WORK TO COMPLETE →
Copy out exactly the lines that begin with the one containing "value. So the" and continue until the last line of the material.

RECORDS SHOWN →
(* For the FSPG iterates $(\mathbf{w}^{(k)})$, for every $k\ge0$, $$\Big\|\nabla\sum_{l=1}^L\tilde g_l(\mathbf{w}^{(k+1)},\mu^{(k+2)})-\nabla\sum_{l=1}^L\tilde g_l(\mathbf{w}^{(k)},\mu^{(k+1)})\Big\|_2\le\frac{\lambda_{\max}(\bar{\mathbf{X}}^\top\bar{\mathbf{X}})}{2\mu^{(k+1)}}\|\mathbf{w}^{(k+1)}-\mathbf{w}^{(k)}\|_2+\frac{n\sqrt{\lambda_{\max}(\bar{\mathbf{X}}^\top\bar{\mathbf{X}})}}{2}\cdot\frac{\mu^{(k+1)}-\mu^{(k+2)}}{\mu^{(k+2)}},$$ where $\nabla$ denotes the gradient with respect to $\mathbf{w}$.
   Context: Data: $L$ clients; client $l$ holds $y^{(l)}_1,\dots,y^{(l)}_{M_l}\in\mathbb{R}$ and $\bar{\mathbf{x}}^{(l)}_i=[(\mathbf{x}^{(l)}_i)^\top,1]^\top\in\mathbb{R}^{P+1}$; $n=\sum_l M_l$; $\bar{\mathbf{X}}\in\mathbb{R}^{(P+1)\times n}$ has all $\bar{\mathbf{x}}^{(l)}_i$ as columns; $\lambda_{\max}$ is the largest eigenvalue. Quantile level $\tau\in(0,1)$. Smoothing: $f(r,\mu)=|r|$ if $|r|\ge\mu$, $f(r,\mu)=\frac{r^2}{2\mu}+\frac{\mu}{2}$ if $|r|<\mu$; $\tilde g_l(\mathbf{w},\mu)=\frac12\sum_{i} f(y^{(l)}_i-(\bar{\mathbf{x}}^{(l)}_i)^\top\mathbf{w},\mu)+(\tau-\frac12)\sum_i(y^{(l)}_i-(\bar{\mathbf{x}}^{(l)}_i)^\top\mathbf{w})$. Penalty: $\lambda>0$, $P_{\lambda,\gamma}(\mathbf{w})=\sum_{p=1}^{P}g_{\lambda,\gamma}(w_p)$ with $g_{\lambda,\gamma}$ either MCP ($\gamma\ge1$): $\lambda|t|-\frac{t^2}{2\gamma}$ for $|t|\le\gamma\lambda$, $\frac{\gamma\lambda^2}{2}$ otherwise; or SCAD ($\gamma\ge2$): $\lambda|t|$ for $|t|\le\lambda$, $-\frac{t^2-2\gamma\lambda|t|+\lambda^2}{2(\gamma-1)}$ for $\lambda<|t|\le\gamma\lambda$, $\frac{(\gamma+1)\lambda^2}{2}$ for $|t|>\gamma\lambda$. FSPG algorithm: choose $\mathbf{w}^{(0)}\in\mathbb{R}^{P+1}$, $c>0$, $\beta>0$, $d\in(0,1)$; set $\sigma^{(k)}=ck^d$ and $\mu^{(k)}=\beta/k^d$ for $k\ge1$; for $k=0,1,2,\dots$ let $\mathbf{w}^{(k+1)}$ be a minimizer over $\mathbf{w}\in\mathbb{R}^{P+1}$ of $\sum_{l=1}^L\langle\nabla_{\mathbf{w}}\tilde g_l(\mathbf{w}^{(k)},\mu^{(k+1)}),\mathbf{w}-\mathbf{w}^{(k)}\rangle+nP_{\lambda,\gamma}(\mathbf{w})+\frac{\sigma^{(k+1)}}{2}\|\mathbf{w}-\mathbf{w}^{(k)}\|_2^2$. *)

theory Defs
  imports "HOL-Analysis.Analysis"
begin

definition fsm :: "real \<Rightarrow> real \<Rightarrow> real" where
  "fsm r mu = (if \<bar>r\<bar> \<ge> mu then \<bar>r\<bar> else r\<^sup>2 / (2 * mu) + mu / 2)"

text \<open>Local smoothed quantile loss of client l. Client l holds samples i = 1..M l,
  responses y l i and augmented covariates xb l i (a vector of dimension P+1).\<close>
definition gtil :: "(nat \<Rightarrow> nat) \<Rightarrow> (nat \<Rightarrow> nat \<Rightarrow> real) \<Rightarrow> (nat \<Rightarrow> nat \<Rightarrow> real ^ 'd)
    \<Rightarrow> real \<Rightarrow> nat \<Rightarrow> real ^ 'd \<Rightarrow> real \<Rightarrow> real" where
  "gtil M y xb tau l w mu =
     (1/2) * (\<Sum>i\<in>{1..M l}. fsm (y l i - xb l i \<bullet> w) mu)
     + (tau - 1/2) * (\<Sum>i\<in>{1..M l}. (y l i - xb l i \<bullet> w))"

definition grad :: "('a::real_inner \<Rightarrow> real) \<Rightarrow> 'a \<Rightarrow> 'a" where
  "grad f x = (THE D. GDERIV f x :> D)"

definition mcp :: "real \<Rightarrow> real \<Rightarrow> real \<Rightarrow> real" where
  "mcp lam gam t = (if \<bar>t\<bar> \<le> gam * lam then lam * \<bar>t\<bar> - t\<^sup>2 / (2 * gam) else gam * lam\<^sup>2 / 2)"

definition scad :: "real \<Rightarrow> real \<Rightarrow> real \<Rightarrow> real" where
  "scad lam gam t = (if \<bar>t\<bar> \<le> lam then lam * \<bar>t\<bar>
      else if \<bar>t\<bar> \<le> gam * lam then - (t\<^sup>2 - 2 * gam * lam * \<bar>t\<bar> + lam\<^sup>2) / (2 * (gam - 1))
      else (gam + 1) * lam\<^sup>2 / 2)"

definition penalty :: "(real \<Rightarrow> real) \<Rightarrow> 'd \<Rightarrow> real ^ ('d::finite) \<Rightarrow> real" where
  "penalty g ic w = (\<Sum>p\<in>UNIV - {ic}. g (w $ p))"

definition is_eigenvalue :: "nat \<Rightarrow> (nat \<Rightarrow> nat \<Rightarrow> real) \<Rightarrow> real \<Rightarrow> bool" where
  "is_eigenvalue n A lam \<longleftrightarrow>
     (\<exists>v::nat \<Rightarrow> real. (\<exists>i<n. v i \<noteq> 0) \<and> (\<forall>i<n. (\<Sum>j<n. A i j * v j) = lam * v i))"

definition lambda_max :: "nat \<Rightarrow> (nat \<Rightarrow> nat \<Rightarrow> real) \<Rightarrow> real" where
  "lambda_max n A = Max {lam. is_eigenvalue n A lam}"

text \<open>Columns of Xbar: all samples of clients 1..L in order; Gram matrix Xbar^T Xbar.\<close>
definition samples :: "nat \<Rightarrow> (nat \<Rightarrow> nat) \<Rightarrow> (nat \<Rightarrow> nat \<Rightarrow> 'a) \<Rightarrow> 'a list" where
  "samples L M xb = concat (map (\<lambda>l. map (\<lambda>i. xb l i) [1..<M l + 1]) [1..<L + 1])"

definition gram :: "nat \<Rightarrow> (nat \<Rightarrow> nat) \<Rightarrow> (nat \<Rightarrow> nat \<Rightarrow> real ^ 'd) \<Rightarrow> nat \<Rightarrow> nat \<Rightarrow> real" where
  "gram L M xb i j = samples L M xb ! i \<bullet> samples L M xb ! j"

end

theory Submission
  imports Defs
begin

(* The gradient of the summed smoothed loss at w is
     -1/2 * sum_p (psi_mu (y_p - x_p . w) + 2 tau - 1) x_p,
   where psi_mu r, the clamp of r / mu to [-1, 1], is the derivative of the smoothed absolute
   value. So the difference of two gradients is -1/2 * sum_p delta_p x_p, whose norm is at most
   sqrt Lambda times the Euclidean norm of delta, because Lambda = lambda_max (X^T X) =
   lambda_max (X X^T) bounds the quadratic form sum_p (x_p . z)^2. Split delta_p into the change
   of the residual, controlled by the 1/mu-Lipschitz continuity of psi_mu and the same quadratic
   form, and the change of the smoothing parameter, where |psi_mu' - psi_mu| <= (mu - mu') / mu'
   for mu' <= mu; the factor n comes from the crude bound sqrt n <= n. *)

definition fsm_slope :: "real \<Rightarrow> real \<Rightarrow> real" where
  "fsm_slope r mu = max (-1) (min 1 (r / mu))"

SOLVED PROBLEM →
   value. So the difference of two gradients is -1/2 * sum_p delta_p x_p, whose norm is at most
   sqrt Lambda times the Euclidean norm of delta, because Lambda = lambda_max (X^T X) =
   lambda_max (X X^T) bounds the quadratic form sum_p (x_p . z)^2. Split delta_p into the change
   of the residual, controlled by the 1/mu-Lipschitz continuity of psi_mu and the same quadratic
   form, and the change of the smoothing parameter, where |psi_mu' - psi_mu| <= (mu - mu') / mu'
   for mu' <= mu; the factor n comes from the crude bound sqrt n <= n. *)

definition fsm_slope :: "real \<Rightarrow> real \<Rightarrow> real" where
  "fsm_slope r mu = max (-1) (min 1 (r / mu))"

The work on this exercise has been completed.